*GIVEN RECORDS*:

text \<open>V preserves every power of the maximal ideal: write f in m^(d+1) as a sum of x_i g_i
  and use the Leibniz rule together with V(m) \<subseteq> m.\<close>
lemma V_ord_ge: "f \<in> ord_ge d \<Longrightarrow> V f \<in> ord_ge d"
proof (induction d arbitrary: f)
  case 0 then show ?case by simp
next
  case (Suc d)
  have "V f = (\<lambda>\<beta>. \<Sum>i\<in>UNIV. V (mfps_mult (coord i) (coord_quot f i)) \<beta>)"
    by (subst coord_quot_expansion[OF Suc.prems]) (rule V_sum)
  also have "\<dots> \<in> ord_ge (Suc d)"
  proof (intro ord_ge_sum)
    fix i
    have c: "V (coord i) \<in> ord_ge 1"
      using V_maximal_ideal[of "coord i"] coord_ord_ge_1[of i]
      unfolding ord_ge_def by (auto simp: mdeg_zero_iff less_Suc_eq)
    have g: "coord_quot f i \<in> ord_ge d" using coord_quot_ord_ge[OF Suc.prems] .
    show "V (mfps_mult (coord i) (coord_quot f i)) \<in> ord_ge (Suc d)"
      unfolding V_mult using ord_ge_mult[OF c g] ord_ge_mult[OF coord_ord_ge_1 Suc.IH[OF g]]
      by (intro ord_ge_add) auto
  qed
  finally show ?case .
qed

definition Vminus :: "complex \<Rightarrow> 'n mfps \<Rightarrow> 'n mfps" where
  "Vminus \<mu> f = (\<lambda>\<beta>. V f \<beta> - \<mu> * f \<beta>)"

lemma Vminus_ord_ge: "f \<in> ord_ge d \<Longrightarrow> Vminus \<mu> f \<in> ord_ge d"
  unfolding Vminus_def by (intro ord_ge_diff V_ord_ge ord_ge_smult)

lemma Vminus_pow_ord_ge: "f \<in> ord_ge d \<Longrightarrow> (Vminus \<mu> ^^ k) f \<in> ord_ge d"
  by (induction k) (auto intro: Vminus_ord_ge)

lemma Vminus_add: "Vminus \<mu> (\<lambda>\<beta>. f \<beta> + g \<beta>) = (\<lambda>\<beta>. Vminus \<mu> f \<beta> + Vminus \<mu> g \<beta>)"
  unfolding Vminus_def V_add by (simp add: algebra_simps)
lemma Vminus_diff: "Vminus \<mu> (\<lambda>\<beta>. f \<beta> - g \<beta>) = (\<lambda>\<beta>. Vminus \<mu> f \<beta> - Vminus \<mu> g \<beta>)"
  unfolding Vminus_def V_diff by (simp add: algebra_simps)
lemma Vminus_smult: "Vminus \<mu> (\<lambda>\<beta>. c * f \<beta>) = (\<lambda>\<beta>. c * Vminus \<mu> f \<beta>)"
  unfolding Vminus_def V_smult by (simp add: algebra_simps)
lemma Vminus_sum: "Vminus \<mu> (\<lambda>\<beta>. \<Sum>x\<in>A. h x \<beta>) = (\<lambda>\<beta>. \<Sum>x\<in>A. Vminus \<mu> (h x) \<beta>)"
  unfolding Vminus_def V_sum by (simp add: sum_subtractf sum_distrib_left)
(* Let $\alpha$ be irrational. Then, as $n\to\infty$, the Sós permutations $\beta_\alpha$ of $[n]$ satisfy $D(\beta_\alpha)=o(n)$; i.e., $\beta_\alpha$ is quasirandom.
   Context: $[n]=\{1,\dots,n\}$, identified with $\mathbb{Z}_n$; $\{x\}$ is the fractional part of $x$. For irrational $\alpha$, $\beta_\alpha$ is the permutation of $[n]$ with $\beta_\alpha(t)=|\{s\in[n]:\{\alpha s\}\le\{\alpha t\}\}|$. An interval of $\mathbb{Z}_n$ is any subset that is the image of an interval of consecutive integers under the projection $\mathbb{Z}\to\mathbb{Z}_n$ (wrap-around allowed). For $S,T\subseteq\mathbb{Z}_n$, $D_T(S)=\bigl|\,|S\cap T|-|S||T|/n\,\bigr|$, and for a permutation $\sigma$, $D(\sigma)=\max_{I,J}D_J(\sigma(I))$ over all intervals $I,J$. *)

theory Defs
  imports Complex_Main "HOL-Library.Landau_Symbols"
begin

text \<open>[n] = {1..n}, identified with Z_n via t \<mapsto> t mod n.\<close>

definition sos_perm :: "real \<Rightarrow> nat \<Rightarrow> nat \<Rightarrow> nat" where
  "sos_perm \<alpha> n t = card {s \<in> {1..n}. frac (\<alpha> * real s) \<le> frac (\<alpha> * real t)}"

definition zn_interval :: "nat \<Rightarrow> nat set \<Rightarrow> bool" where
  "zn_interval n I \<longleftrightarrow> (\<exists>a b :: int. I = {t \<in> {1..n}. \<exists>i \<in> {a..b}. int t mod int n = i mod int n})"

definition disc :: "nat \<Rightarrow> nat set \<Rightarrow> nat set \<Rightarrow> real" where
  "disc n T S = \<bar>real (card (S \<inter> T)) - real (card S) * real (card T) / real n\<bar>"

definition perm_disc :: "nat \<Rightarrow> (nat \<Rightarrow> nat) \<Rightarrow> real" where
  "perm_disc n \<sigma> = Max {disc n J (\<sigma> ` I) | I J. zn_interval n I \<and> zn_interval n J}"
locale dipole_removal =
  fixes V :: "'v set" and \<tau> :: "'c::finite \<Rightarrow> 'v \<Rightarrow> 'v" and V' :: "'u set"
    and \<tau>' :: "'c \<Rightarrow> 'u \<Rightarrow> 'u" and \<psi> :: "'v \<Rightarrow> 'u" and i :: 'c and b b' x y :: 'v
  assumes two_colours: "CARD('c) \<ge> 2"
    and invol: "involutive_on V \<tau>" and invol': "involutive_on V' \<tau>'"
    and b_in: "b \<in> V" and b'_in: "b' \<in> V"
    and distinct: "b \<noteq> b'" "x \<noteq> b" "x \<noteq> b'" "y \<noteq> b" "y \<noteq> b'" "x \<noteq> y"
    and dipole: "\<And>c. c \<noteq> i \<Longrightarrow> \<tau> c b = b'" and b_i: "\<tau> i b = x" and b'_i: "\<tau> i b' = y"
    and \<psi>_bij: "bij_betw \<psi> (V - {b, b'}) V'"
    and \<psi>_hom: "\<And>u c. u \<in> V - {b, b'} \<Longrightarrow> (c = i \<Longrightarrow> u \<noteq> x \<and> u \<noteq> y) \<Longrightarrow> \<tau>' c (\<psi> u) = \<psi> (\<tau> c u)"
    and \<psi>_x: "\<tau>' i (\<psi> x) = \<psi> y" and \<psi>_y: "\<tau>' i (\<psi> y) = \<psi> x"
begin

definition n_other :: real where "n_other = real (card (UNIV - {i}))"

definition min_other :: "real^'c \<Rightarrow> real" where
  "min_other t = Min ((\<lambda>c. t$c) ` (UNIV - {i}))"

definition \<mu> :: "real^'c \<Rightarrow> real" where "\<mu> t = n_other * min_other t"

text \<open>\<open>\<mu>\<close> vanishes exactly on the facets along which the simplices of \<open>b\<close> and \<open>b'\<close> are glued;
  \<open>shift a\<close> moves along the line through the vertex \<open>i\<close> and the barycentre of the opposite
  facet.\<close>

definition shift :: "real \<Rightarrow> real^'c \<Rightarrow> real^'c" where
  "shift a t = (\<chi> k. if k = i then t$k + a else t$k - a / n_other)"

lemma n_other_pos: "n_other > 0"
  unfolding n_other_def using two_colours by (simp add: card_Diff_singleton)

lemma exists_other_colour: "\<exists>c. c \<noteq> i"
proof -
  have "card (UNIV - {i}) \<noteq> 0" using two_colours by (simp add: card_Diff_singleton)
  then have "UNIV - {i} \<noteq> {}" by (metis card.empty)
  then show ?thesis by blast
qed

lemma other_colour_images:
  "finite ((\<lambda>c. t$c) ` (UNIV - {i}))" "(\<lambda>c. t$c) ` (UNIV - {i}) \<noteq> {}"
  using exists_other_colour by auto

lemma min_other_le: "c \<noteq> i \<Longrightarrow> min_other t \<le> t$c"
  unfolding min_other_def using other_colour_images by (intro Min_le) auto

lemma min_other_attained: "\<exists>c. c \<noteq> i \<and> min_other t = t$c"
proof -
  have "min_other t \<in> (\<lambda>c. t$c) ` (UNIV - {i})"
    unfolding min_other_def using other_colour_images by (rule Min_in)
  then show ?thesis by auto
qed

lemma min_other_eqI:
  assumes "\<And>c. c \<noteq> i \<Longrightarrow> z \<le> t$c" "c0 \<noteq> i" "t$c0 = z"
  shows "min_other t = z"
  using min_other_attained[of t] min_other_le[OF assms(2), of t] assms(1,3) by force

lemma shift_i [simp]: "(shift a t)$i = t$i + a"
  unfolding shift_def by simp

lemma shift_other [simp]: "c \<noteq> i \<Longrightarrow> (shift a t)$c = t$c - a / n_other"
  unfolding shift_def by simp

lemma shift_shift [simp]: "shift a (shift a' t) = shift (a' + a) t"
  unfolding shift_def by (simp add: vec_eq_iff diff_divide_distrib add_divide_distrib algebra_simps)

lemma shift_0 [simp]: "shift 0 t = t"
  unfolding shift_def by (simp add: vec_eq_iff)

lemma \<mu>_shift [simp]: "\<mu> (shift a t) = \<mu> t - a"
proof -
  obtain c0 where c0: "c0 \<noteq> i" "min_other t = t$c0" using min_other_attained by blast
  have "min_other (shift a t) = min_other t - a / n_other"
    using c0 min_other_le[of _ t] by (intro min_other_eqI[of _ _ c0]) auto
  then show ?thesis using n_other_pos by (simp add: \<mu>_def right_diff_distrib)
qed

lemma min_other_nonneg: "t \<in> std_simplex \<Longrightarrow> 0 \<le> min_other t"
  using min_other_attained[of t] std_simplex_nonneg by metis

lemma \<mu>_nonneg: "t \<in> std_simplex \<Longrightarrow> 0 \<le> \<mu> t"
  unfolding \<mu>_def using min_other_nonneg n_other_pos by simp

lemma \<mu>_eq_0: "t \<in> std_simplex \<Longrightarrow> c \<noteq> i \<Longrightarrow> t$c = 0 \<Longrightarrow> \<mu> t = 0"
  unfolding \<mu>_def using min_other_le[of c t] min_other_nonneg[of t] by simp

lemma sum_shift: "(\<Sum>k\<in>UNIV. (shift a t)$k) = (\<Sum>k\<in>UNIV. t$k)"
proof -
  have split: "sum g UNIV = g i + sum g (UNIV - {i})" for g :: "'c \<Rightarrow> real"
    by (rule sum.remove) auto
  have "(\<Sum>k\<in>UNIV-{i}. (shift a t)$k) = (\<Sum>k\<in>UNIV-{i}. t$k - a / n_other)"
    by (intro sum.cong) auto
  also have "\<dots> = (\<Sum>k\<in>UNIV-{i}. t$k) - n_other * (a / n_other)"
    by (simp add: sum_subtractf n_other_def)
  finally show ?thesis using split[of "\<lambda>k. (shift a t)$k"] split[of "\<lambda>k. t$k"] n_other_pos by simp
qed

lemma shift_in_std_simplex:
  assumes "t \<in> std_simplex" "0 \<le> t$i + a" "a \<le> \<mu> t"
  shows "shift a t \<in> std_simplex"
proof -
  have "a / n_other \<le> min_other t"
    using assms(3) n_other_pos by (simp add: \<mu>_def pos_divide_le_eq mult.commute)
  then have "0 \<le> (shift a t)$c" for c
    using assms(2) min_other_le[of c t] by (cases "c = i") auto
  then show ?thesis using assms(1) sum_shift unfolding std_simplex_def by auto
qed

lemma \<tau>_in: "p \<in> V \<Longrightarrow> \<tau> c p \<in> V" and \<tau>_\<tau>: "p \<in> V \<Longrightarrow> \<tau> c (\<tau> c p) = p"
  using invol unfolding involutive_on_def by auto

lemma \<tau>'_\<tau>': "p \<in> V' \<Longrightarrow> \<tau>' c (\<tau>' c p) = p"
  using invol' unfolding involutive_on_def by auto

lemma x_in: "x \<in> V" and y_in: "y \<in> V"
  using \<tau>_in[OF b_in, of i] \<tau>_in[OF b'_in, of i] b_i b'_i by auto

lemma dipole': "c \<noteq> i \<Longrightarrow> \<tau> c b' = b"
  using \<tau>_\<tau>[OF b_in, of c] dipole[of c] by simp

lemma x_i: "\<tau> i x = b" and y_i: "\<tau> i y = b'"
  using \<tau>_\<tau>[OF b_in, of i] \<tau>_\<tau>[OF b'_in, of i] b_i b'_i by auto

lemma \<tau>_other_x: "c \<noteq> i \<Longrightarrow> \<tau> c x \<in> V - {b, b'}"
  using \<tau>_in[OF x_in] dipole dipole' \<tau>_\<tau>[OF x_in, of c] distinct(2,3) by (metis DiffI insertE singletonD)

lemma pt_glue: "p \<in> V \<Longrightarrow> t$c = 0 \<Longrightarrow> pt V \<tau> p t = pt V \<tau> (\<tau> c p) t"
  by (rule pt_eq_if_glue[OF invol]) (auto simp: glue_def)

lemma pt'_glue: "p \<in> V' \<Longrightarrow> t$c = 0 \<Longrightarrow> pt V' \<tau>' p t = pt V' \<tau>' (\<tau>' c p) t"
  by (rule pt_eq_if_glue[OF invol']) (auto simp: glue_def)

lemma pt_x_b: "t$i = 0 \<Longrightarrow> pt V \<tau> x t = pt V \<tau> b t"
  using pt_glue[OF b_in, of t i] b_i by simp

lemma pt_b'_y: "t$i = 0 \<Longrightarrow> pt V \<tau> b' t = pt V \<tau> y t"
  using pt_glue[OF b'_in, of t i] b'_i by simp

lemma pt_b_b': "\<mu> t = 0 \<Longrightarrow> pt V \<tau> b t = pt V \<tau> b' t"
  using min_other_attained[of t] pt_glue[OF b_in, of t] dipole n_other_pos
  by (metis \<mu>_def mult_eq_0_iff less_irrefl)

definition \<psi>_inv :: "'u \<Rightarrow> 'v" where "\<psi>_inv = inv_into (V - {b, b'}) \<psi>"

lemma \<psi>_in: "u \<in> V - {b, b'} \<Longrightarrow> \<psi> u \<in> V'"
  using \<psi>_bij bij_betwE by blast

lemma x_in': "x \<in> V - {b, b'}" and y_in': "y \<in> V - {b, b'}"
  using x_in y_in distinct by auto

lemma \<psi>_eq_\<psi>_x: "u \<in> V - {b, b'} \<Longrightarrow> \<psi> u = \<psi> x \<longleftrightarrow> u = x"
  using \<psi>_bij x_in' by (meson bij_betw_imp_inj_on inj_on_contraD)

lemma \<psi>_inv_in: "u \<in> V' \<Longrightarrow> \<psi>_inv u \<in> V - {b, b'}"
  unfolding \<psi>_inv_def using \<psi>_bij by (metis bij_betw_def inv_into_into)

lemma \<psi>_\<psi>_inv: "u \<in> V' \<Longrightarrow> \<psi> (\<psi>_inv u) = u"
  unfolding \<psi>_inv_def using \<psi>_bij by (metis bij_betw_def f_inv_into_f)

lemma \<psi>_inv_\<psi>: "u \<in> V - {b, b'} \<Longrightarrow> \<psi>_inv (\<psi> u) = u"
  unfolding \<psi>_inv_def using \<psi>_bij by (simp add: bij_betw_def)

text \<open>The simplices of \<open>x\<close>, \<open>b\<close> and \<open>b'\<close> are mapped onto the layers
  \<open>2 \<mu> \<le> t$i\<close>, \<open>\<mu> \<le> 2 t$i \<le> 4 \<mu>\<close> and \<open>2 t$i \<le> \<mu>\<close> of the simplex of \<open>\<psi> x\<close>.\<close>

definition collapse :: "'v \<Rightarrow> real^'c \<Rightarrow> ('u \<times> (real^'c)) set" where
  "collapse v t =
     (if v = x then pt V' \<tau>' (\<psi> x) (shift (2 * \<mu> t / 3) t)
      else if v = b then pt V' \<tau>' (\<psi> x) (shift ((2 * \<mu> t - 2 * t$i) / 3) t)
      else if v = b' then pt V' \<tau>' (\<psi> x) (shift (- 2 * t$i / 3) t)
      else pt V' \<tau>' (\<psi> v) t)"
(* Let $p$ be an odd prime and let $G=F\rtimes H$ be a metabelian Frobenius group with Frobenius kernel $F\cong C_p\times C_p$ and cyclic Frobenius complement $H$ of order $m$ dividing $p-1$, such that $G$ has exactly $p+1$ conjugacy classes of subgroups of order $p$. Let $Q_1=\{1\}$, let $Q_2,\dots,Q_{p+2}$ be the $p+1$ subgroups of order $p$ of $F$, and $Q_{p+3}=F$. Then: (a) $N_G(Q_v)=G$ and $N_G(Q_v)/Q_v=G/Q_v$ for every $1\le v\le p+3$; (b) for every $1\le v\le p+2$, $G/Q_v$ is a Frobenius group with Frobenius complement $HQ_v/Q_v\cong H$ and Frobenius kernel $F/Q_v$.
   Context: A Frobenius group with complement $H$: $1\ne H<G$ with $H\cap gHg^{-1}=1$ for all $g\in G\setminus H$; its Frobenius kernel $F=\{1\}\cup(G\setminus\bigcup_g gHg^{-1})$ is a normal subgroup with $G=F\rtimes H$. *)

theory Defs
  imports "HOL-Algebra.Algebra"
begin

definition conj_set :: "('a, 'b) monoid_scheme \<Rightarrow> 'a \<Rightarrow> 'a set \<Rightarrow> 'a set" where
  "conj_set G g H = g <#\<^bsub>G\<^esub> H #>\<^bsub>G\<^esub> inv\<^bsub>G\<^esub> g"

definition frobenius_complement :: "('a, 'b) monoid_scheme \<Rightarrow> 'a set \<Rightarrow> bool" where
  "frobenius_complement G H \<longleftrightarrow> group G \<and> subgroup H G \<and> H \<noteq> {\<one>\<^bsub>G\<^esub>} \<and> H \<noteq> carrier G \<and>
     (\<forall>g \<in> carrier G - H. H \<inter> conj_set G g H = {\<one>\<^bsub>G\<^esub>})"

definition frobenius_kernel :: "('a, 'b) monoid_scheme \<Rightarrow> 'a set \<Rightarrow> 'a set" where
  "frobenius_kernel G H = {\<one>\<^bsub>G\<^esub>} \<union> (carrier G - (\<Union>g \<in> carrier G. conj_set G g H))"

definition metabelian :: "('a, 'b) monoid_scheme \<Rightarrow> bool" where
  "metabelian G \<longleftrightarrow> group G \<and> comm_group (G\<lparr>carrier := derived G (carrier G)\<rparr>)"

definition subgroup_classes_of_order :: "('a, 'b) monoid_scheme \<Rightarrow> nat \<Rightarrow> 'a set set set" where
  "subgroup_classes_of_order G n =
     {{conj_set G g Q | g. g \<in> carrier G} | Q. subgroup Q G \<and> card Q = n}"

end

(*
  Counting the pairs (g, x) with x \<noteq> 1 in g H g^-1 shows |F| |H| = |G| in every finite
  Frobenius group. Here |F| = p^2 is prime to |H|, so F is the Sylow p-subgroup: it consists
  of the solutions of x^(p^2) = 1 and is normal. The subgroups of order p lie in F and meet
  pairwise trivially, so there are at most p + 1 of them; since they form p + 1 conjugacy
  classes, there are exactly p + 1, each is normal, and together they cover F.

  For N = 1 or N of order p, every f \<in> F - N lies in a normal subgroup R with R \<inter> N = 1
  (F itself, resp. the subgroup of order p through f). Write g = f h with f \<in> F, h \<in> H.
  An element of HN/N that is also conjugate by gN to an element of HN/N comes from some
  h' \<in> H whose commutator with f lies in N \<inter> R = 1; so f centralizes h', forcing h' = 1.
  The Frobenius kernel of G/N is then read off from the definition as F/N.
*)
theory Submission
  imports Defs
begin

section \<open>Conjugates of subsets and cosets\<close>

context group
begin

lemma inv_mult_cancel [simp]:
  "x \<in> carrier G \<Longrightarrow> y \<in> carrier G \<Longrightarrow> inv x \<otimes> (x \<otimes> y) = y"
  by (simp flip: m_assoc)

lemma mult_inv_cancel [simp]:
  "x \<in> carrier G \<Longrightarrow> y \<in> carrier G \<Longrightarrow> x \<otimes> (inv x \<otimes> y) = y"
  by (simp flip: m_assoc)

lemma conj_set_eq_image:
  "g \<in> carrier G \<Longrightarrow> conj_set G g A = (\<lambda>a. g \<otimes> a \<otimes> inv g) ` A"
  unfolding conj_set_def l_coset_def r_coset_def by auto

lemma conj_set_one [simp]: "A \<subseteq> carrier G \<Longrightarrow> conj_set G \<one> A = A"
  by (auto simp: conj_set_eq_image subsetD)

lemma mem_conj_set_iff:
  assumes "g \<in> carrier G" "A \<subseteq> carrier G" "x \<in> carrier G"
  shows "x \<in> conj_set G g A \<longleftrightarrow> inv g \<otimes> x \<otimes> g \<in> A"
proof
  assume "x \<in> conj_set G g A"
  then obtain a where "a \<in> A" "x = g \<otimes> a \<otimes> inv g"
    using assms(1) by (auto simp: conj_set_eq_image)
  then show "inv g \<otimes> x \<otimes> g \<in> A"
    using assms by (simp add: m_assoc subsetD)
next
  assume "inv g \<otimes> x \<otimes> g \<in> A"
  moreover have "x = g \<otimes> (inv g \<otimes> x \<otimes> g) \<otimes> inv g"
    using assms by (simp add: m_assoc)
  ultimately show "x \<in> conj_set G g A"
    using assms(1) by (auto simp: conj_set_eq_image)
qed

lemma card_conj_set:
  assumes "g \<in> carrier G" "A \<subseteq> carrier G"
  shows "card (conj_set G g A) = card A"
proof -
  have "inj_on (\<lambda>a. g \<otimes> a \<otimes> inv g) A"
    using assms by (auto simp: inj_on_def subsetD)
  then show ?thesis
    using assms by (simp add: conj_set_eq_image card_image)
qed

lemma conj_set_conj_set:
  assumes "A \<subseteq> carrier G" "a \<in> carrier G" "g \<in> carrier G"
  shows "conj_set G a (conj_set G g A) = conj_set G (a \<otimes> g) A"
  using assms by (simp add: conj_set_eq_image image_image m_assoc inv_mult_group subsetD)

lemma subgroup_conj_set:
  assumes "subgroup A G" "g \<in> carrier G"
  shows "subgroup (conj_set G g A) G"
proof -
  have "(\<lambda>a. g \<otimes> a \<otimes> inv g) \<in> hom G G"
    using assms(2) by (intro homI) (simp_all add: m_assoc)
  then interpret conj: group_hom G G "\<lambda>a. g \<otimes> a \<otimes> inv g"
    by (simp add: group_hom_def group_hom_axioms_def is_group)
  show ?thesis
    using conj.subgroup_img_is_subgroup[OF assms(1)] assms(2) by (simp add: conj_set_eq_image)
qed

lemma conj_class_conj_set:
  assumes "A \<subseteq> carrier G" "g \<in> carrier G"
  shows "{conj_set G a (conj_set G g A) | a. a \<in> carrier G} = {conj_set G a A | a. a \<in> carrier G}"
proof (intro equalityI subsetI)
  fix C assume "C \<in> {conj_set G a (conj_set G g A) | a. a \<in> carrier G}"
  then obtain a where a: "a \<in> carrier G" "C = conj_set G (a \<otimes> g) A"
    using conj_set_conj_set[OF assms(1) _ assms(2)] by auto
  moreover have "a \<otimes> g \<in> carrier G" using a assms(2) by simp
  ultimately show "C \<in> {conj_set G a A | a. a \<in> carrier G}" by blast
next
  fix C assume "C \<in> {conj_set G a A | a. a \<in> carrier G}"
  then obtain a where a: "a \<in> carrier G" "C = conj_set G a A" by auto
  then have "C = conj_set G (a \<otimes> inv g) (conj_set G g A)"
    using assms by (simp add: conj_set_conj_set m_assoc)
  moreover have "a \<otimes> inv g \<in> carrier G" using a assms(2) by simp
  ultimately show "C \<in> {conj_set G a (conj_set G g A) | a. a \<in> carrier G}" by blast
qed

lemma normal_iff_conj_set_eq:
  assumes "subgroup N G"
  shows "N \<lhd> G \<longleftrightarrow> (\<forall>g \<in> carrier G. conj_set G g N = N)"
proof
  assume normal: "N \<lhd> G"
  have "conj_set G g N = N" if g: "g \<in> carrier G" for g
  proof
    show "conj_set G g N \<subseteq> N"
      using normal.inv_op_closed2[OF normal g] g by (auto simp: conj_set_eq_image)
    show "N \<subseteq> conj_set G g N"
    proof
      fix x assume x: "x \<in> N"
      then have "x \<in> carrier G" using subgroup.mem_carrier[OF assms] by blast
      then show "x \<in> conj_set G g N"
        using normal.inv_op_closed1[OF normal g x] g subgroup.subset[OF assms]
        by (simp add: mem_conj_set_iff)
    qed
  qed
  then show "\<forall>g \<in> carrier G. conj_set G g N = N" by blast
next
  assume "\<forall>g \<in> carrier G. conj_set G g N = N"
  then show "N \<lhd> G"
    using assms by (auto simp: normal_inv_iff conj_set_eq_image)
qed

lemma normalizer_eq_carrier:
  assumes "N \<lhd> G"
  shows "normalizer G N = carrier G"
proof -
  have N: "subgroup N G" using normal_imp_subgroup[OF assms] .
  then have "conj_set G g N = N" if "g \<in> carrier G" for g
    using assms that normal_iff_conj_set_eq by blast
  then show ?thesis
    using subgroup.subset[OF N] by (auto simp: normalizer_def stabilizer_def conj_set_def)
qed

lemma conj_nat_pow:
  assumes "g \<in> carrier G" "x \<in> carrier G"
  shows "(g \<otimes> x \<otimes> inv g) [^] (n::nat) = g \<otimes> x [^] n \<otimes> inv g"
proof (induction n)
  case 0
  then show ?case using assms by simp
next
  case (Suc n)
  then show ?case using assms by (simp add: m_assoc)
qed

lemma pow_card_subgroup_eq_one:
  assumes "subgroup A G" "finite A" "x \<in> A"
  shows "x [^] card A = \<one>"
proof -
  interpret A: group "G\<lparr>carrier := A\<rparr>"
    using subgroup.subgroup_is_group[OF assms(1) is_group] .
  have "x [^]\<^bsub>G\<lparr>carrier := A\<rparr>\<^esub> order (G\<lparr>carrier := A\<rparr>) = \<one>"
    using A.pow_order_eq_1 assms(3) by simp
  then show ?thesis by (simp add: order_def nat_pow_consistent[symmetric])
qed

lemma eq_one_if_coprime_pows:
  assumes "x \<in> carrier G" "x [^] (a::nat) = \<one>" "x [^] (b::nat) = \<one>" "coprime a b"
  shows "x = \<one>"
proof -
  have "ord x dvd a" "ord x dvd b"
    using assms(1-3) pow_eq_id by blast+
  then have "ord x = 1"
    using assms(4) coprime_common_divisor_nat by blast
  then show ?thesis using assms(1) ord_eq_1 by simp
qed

*WORK TO COMPLETE*:
Would you please write out, exactly and with no other lines, the stretch of the listing above from the line containing "i \<Longrightarrow> min_other" through the line containing "t$k) - n_other"?

*EXERCISE RESULT*:
lemma min_other_le: "c \<noteq> i \<Longrightarrow> min_other t \<le> t$c"
  unfolding min_other_def using other_colour_images by (intro Min_le) auto

lemma min_other_attained: "\<exists>c. c \<noteq> i \<and> min_other t = t$c"
proof -
  have "min_other t \<in> (\<lambda>c. t$c) ` (UNIV - {i})"
    unfolding min_other_def using other_colour_images by (rule Min_in)
  then show ?thesis by auto
qed

lemma min_other_eqI:
  assumes "\<And>c. c \<noteq> i \<Longrightarrow> z \<le> t$c" "c0 \<noteq> i" "t$c0 = z"
  shows "min_other t = z"
  using min_other_attained[of t] min_other_le[OF assms(2), of t] assms(1,3) by force

lemma shift_i [simp]: "(shift a t)$i = t$i + a"
  unfolding shift_def by simp

lemma shift_other [simp]: "c \<noteq> i \<Longrightarrow> (shift a t)$c = t$c - a / n_other"
  unfolding shift_def by simp

lemma shift_shift [simp]: "shift a (shift a' t) = shift (a' + a) t"
  unfolding shift_def by (simp add: vec_eq_iff diff_divide_distrib add_divide_distrib algebra_simps)

lemma shift_0 [simp]: "shift 0 t = t"
  unfolding shift_def by (simp add: vec_eq_iff)

lemma \<mu>_shift [simp]: "\<mu> (shift a t) = \<mu> t - a"
proof -
  obtain c0 where c0: "c0 \<noteq> i" "min_other t = t$c0" using min_other_attained by blast
  have "min_other (shift a t) = min_other t - a / n_other"
    using c0 min_other_le[of _ t] by (intro min_other_eqI[of _ _ c0]) auto
  then show ?thesis using n_other_pos by (simp add: \<mu>_def right_diff_distrib)
qed

lemma min_other_nonneg: "t \<in> std_simplex \<Longrightarrow> 0 \<le> min_other t"
  using min_other_attained[of t] std_simplex_nonneg by metis

lemma \<mu>_nonneg: "t \<in> std_simplex \<Longrightarrow> 0 \<le> \<mu> t"
  unfolding \<mu>_def using min_other_nonneg n_other_pos by simp

lemma \<mu>_eq_0: "t \<in> std_simplex \<Longrightarrow> c \<noteq> i \<Longrightarrow> t$c = 0 \<Longrightarrow> \<mu> t = 0"
  unfolding \<mu>_def using min_other_le[of c t] min_other_nonneg[of t] by simp

lemma sum_shift: "(\<Sum>k\<in>UNIV. (shift a t)$k) = (\<Sum>k\<in>UNIV. t$k)"
proof -
  have split: "sum g UNIV = g i + sum g (UNIV - {i})" for g :: "'c \<Rightarrow> real"
    by (rule sum.remove) auto
  have "(\<Sum>k\<in>UNIV-{i}. (shift a t)$k) = (\<Sum>k\<in>UNIV-{i}. t$k - a / n_other)"
    by (intro sum.cong) auto
  also have "\<dots> = (\<Sum>k\<in>UNIV-{i}. t$k) - n_other * (a / n_other)"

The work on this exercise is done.